* _EXERCISE BRIEF_
Look below for the line containing "section \<open>Periods of"; from there, print each line exactly up to and including the line containing "i) z = (f ^^ i) ((f", and stop.

* _DATA_
definition conn_rel :: "'a set \<Rightarrow> ('a \<Rightarrow> 'a \<Rightarrow> bool) \<Rightarrow> ('a \<times> 'a) set" where
  "conn_rel V E = {(x, y). x \<in> V \<and> y \<in> V \<and>
      (x, y) \<in> ({(a, b). a \<in> V \<and> b \<in> V \<and> E a b})\<^sup>*}"

definition components :: "'a set \<Rightarrow> ('a \<Rightarrow> 'a \<Rightarrow> bool) \<Rightarrow> 'a set set" where
  "components V E = V // conn_rel V E"

definition component_of :: "'a set \<Rightarrow> ('a \<Rightarrow> 'a \<Rightarrow> bool) \<Rightarrow> 'a \<Rightarrow> 'a set" where
  "component_of V E x = conn_rel V E `` {x}"

definition G0 :: "perm set \<Rightarrow> perm set" where
  "G0 G = G - {id}"

definition pow_adj :: "perm \<Rightarrow> perm \<Rightarrow> bool" where
  "pow_adj x y \<longleftrightarrow> x \<noteq> y \<and> (\<exists>m::nat. m > 0 \<and> (x = y ^^ m \<or> y = x ^^ m))"

definition c0 :: "perm set \<Rightarrow> nat" where
  "c0 G = card (components (G0 G) pow_adj)"

definition cyc :: "perm \<Rightarrow> perm set" where
  "cyc x = range (\<lambda>m::nat. x ^^ m)"

definition cls :: "perm set \<Rightarrow> perm \<Rightarrow> perm set" where
  "cls G x = {y \<in> G. cyc y = cyc x}"

definition qvert :: "perm set \<Rightarrow> perm set set" where
  "qvert G = cls G ` G0 G"

definition qadj :: "perm set \<Rightarrow> perm set \<Rightarrow> bool" where
  "qadj X Y \<longleftrightarrow> X \<noteq> Y \<and> (\<exists>x\<in>X. \<exists>y\<in>Y. \<exists>m::nat. m > 0 \<and> (x = y ^^ m \<or> y = x ^^ m))"

definition orb :: "perm \<Rightarrow> nat \<Rightarrow> nat set" where
  "orb \<psi> i = range (\<lambda>m::nat. (\<psi> ^^ m) i)"

definition ptype_of :: "nat \<Rightarrow> perm \<Rightarrow> ptype" where
  "ptype_of n \<psi> = image_mset card (mset_set (orb \<psi> ` {1..n}))"

definition type_order :: "ptype \<Rightarrow> nat" where
  "type_order T = Lcm (set_mset T)"

definition type_pow :: "ptype \<Rightarrow> nat \<Rightarrow> ptype" where
  "type_pow T a = sum_mset (image_mset (\<lambda>m. replicate_mset (gcd a m) (m div gcd a m)) T)"

definition types0 :: "nat \<Rightarrow> perm set \<Rightarrow> ptype set" where
  "types0 n G = ptype_of n ` G0 G"

definition type_adj :: "ptype \<Rightarrow> ptype \<Rightarrow> bool" where
  "type_adj T T' \<longleftrightarrow> T \<noteq> T' \<and> (\<exists>a::nat. a > 0 \<and> (T = type_pow T' a \<or> T' = type_pow T a))"

definition c0_types :: "nat \<Rightarrow> perm set \<Rightarrow> nat" where
  "c0_types n G = card (components (types0 n G) type_adj)"

definition type_comp :: "nat \<Rightarrow> perm set \<Rightarrow> ptype \<Rightarrow> ptype set" where
  "type_comp n G T = component_of (types0 n G) type_adj T"

definition mu :: "nat \<Rightarrow> ptype \<Rightarrow> perm set \<Rightarrow> nat" where
  "mu n T G = card {\<psi> \<in> G. ptype_of n \<psi> = T}"

definition kC :: "nat \<Rightarrow> perm set set \<Rightarrow> ptype \<Rightarrow> nat" where
  "kC n C T = card {X \<in> C. \<exists>\<psi>\<in>X. ptype_of n \<psi> = T}"

definition normalizer_S :: "nat \<Rightarrow> perm set \<Rightarrow> perm set" where
  "normalizer_S n G = {y. y permutes {1..n} \<and> (\<lambda>g. inv' y \<circ> g \<circ> y) ` G = G}"

definition fusion_controlled :: "nat \<Rightarrow> perm set \<Rightarrow> bool" where
  "fusion_controlled n G \<longleftrightarrow>
     (\<forall>\<psi>\<in>G. \<forall>x. x permutes {1..n} \<and> inv' x \<circ> \<psi> \<circ> x \<in> G \<longrightarrow>
        (\<exists>y\<in>normalizer_S n G. inv' x \<circ> \<psi> \<circ> x = inv' y \<circ> \<psi> \<circ> y))"

end

theory Submission
  imports Defs
begin

(* Types are the conjugacy classes of S_n, and fusion control turns a conjugation in S_n
   between two elements of G into one by an element of the normaliser N_{S_n}(G). Conjugation
   by the normaliser is an automorphism of the quotient power graph preserving types, so two of
   its components that contain vertices of the same type contain equally many vertices of each
   type. An edge T -- T^a of the type graph is realised by an edge [x] -- [x^a] of the quotient
   graph, hence these numbers are in fact the same for all components of the quotient graph whose
   types lie in one component C(T_i) of the type graph. The mu_{T_i}(G) elements of type T_i form
   classes [x] of phi(o(T_i)) elements each, and every component over C(T_i) contains
   k_{C_i}(T_i) of these classes; this gives the number of components over C(T_i). Finally,
   collapsing the classes [x] to single vertices does not change the number of components, so
   c_0(G) counts the components of the quotient graph. *)

section \<open>Periods of permutations and their orbits\<close>

lemma funpow_period:
  fixes f :: "'a \<Rightarrow> 'a"
  assumes "inj f" and "0 < N" and "(f ^^ N) z = z"
  shows "0 < card (range (\<lambda>m. (f ^^ m) z))"
    and "(f ^^ a) z = (f ^^ b) z \<longleftrightarrow> [a = b] (mod card (range (\<lambda>m. (f ^^ m) z)))"
proof -
  define L where "L = (LEAST m. 0 < m \<and> (f ^^ m) z = z)"
  have L: "0 < L" "(f ^^ L) z = z"
    using LeastI[of "\<lambda>m. 0 < m \<and> (f ^^ m) z = z" N] assms(2,3) unfolding L_def by auto
  have funpow_mod: "(f ^^ m) z = (f ^^ (m mod L)) z" for m
    using funpow_mod_eq[OF L(2)] by simp
  have inj_below: "inj_on (\<lambda>m. (f ^^ m) z) {..<L}"
  proof (rule linorder_inj_onI')
    fix i j assume ij: "i \<in> {..<L}" "j \<in> {..<L}" "i < j"
    show "(f ^^ i) z \<noteq> (f ^^ j) z"
    proof
      assume "(f ^^ i) z = (f ^^ j) z"
      moreover have "f ^^ j = f ^^ i \<circ> f ^^ (j - i)"
        using ij(3) by (simp flip: funpow_add)
      ultimately have "(f ^^ i) z = (f ^^ i) ((f ^^ (j - i)) z)" by simp
      then have "(f ^^ (j - i)) z = z"
        using inj_fn[OF assms(1), of i] by (simp add: inj_eq)
      moreover have "j - i < L" "0 < j - i" using ij by auto
      ultimately show False using not_less_Least[of "j - i"] unfolding L_def by blast
    qed
  qed
  have range_eq: "range (\<lambda>m. (f ^^ m) z) = (\<lambda>m. (f ^^ m) z) ` {..<L}"
  proof (intro equalityI subsetI)
    fix y assume "y \<in> range (\<lambda>m. (f ^^ m) z)"
    then obtain m where "y = (f ^^ (m mod L)) z" using funpow_mod by auto
    then show "y \<in> (\<lambda>m. (f ^^ m) z) ` {..<L}" using L(1) by simp
  qed auto
  have card_eq: "card (range (\<lambda>m. (f ^^ m) z)) = L"
    unfolding range_eq card_image[OF inj_below] by simp
  show "0 < card (range (\<lambda>m. (f ^^ m) z))"
    using card_eq L(1) by simp
  have "(f ^^ a) z = (f ^^ b) z \<longleftrightarrow> a mod L = b mod L"
    using inj_onD[OF inj_below] L(1) funpow_mod[of a] funpow_mod[of b] by auto
  then show "(f ^^ a) z = (f ^^ b) z \<longleftrightarrow> [a = b] (mod card (range (\<lambda>m. (f ^^ m) z)))"
    unfolding card_eq cong_def .
qed

lemma comp_funpow_id: "((\<circ>) x ^^ m) id = (x :: 'a \<Rightarrow> 'a) ^^ m"
  by (induction m) (auto simp: fun_eq_iff)

lemma inj_comp_left: "inj p \<Longrightarrow> inj ((\<circ>) p)"
  by (rule injI) (auto simp: fun_eq_iff dest: injD)

lemma permutes_funpow_eq_id:
  assumes "p permutes S" and "finite S"
  obtains N where "0 < N" and "p ^^ N = id"
proof -
  have "inj ((\<circ>) p)"
    using permutes_inj[OF assms(1)] by (rule inj_comp_left)
  moreover have "{q. \<exists>m. q = ((\<circ>) p ^^ m) id} \<subseteq> {q. q permutes S}"
    using permutes_funpow[OF assms(1)] by (auto simp: comp_funpow_id)
  then have "finite {q. \<exists>m. q = ((\<circ>) p ^^ m) id}"
    using finite_permutations[OF assms(2)] by (rule finite_subset)
  ultimately obtain N where "0 < N" "((\<circ>) p ^^ N) id = id"
    by (rule funpow_inj_finite)
  then show thesis using that by (simp add: comp_funpow_id)
qed

lemma cyc_period:
  assumes "x permutes S" and "finite S"
  shows "0 < card (cyc x)" and "x ^^ a = x ^^ b \<longleftrightarrow> [a = b] (mod card (cyc x))"
proof -
  obtain N where "0 < N" "x ^^ N = id" using permutes_funpow_eq_id[OF assms] .
  moreover have "inj ((\<circ>) x)"
    using permutes_inj[OF assms(1)] by (rule inj_comp_left)
  moreover have "cyc x = range (\<lambda>m. ((\<circ>) x ^^ m) id)"
    unfolding cyc_def comp_funpow_id ..
  ultimately show "0 < card (cyc x)" "x ^^ a = x ^^ b \<longleftrightarrow> [a = b] (mod card (cyc x))"
    using funpow_period[of "(\<circ>) x" N id] by (simp_all add: comp_funpow_id)
qed

lemma orb_period:
  assumes "x permutes S" and "finite S"
  shows "0 < card (orb x i)" and "(x ^^ a) i = (x ^^ b) i \<longleftrightarrow> [a = b] (mod card (orb x i))"
proof -
  obtain N where "0 < N" "x ^^ N = id" using permutes_funpow_eq_id[OF assms] .
  then show "0 < card (orb x i)" "(x ^^ a) i = (x ^^ b) i \<longleftrightarrow> [a = b] (mod card (orb x i))"
    using funpow_period[OF permutes_inj[OF assms(1)], of N i] unfolding orb_def by simp_all
qed

lemma funpow_eq_id_iff:
  assumes "x permutes S" and "finite S"
  shows "x ^^ k = id \<longleftrightarrow> card (cyc x) dvd k"
  using cyc_period(2)[OF assms, of k 0] by (simp add: cong_0_iff)

lemma funpow_fixes_iff:
  assumes "x permutes S" and "finite S"
  shows "(x ^^ k) i = i \<longleftrightarrow> card (orb x i) dvd k"
  using orb_period(2)[OF assms, where a = k and b = 0] by (simp add: cong_0_iff)

lemma type_order_ptype_of:
  assumes "x permutes {1..n}"
  shows "type_order (ptype_of n x) = card (cyc x)"
proof -
  have "Lcm ((\<lambda>i. card (orb x i)) ` {1..n}) dvd k \<longleftrightarrow> card (cyc x) dvd k" for k
  proof -
    have "Lcm ((\<lambda>i. card (orb x i)) ` {1..n}) dvd k \<longleftrightarrow> (\<forall>i\<in>{1..n}. (x ^^ k) i = i)"
      by (simp add: Lcm_dvd_iff funpow_fixes_iff[OF assms])
    also have "\<dots> \<longleftrightarrow> x ^^ k = id"
      using permutes_not_in[OF permutes_funpow[OF assms]] by (auto simp: fun_eq_iff)
    also have "\<dots> \<longleftrightarrow> card (cyc x) dvd k"
      using funpow_eq_id_iff[OF assms] by simp
    finally show ?thesis .
  qed
  then have "Lcm ((\<lambda>i. card (orb x i)) ` {1..n}) = card (cyc x)"
    by (meson dvd_antisym dvd_refl)
  moreover have "set_mset (ptype_of n x) = (\<lambda>i. card (orb x i)) ` {1..n}"
    unfolding ptype_of_def by auto
  ultimately show ?thesis unfolding type_order_def by simp
qed

lemma funpow_in_cyc: "x ^^ m \<in> cyc x"
  unfolding cyc_def by simp

lemma self_in_cyc: "x \<in> cyc x"
  using funpow_in_cyc[where m = 1] by simp

lemma cyc_funpow_subset: "cyc (x ^^ j) \<subseteq> cyc x"
  unfolding cyc_def by (auto simp: funpow_mult)

lemma cyc_funpow_eq_iff:
  assumes "x permutes S" and "finite S"
  shows "cyc (x ^^ j) = cyc x \<longleftrightarrow> coprime j (card (cyc x))"
proof -
  have "cyc (x ^^ j) = cyc x \<longleftrightarrow> x \<in> cyc (x ^^ j)"
  proof
    assume "x \<in> cyc (x ^^ j)"
    then obtain m where m: "x = (x ^^ j) ^^ m" unfolding cyc_def by auto
    have "x ^^ k \<in> cyc (x ^^ j)" for k
    proof -
      have "x ^^ k = (x ^^ j) ^^ (m * k)" by (metis m funpow_mult)
      then show ?thesis by (metis funpow_in_cyc)
    qed
    then have "cyc x \<subseteq> cyc (x ^^ j)" unfolding cyc_def by blast
    then show "cyc (x ^^ j) = cyc x" using cyc_funpow_subset by blast
  qed (use self_in_cyc in metis)
  also have "\<dots> \<longleftrightarrow> (\<exists>m. x ^^ (j * m) = x ^^ 1)"
    unfolding cyc_def by (auto simp: funpow_mult eq_commute)
  also have "\<dots> \<longleftrightarrow> (\<exists>m. [j * m = 1] (mod card (cyc x)))"
    by (intro ex_cong1 cyc_period(2)[OF assms])
  also have "\<dots> \<longleftrightarrow> coprime j (card (cyc x))"
    using coprime_iff_invertible_nat by simp
  finally show ?thesis .
qed

lemma card_generators_cyc:
  assumes "x permutes S" and "finite S"
  shows "card {y. cyc y = cyc x} = totient (card (cyc x))"
proof -
  let ?c = "card (cyc x)"
  have c: "0 < ?c" using cyc_period(1)[OF assms] .
  have "{y. cyc y = cyc x} = (\<lambda>j. x ^^ j) ` totatives ?c"
  proof (intro equalityI subsetI)
    fix y assume "y \<in> {y. cyc y = cyc x}"
    then have y: "cyc y = cyc x" by simp
    then obtain j where j: "y = x ^^ j" using self_in_cyc[of y] unfolding cyc_def by auto
    define j' where "j' = (if j mod ?c = 0 then ?c else j mod ?c)"
    have "[j = j'] (mod ?c)" unfolding j'_def cong_def by simp
    then have "y = x ^^ j'" using j cyc_period(2)[OF assms] by simp
    moreover have "j' \<in> totatives ?c"
      using c y \<open>y = x ^^ j'\<close> cyc_funpow_eq_iff[OF assms, of j']
      unfolding j'_def totatives_def by (auto simp: less_imp_le)
    ultimately show "y \<in> (\<lambda>j. x ^^ j) ` totatives ?c" by blast
  qed (use cyc_funpow_eq_iff[OF assms] in \<open>auto simp: totatives_def\<close>)
  moreover have "inj_on (\<lambda>j. x ^^ j) (totatives ?c)"
  proof (rule inj_onI)
    fix a b assume ab: "a \<in> totatives ?c" "b \<in> totatives ?c" "x ^^ a = x ^^ b"
    then have "a mod ?c = b mod ?c" using cyc_period(2)[OF assms] by (simp add: cong_def)
    moreover have "j = (if j mod ?c = 0 then ?c else j mod ?c)" if "j \<in> totatives ?c" for j
      using that by (cases "j = ?c") (auto simp: totatives_def)
    ultimately show "a = b" using ab(1,2) by metis
  qed
  ultimately show ?thesis by (simp add: card_image totient_def)
qed

lemma funpow_in_orb: "(p ^^ m) i \<in> orb p i"
  unfolding orb_def by simp

lemma self_in_orb: "i \<in> orb p i"
  using funpow_in_orb[where m = 0] by simp

lemma orb_subset_of_mem:
  assumes "j \<in> orb p i"
  shows "orb p j \<subseteq> orb p i"
proof
  obtain k where k: "j = (p ^^ k) i" using assms unfolding orb_def by auto
  fix z assume "z \<in> orb p j"
  then obtain m where "z = (p ^^ m) j" unfolding orb_def by auto
  then have "z = (p ^^ (m + k)) i" using k by (simp add: funpow_add)
  then show "z \<in> orb p i" using funpow_in_orb by metis
qed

* _TASK RESPONSE_
section \<open>Periods of permutations and their orbits\<close>

lemma funpow_period:
  fixes f :: "'a \<Rightarrow> 'a"
  assumes "inj f" and "0 < N" and "(f ^^ N) z = z"
  shows "0 < card (range (\<lambda>m. (f ^^ m) z))"
    and "(f ^^ a) z = (f ^^ b) z \<longleftrightarrow> [a = b] (mod card (range (\<lambda>m. (f ^^ m) z)))"
proof -
  define L where "L = (LEAST m. 0 < m \<and> (f ^^ m) z = z)"
  have L: "0 < L" "(f ^^ L) z = z"
    using LeastI[of "\<lambda>m. 0 < m \<and> (f ^^ m) z = z" N] assms(2,3) unfolding L_def by auto
  have funpow_mod: "(f ^^ m) z = (f ^^ (m mod L)) z" for m
    using funpow_mod_eq[OF L(2)] by simp
  have inj_below: "inj_on (\<lambda>m. (f ^^ m) z) {..<L}"
  proof (rule linorder_inj_onI')
    fix i j assume ij: "i \<in> {..<L}" "j \<in> {..<L}" "i < j"
    show "(f ^^ i) z \<noteq> (f ^^ j) z"
    proof
      assume "(f ^^ i) z = (f ^^ j) z"
      moreover have "f ^^ j = f ^^ i \<circ> f ^^ (j - i)"
        using ij(3) by (simp flip: funpow_add)
      ultimately have "(f ^^ i) z = (f ^^ i) ((f ^^ (j - i)) z)" by simp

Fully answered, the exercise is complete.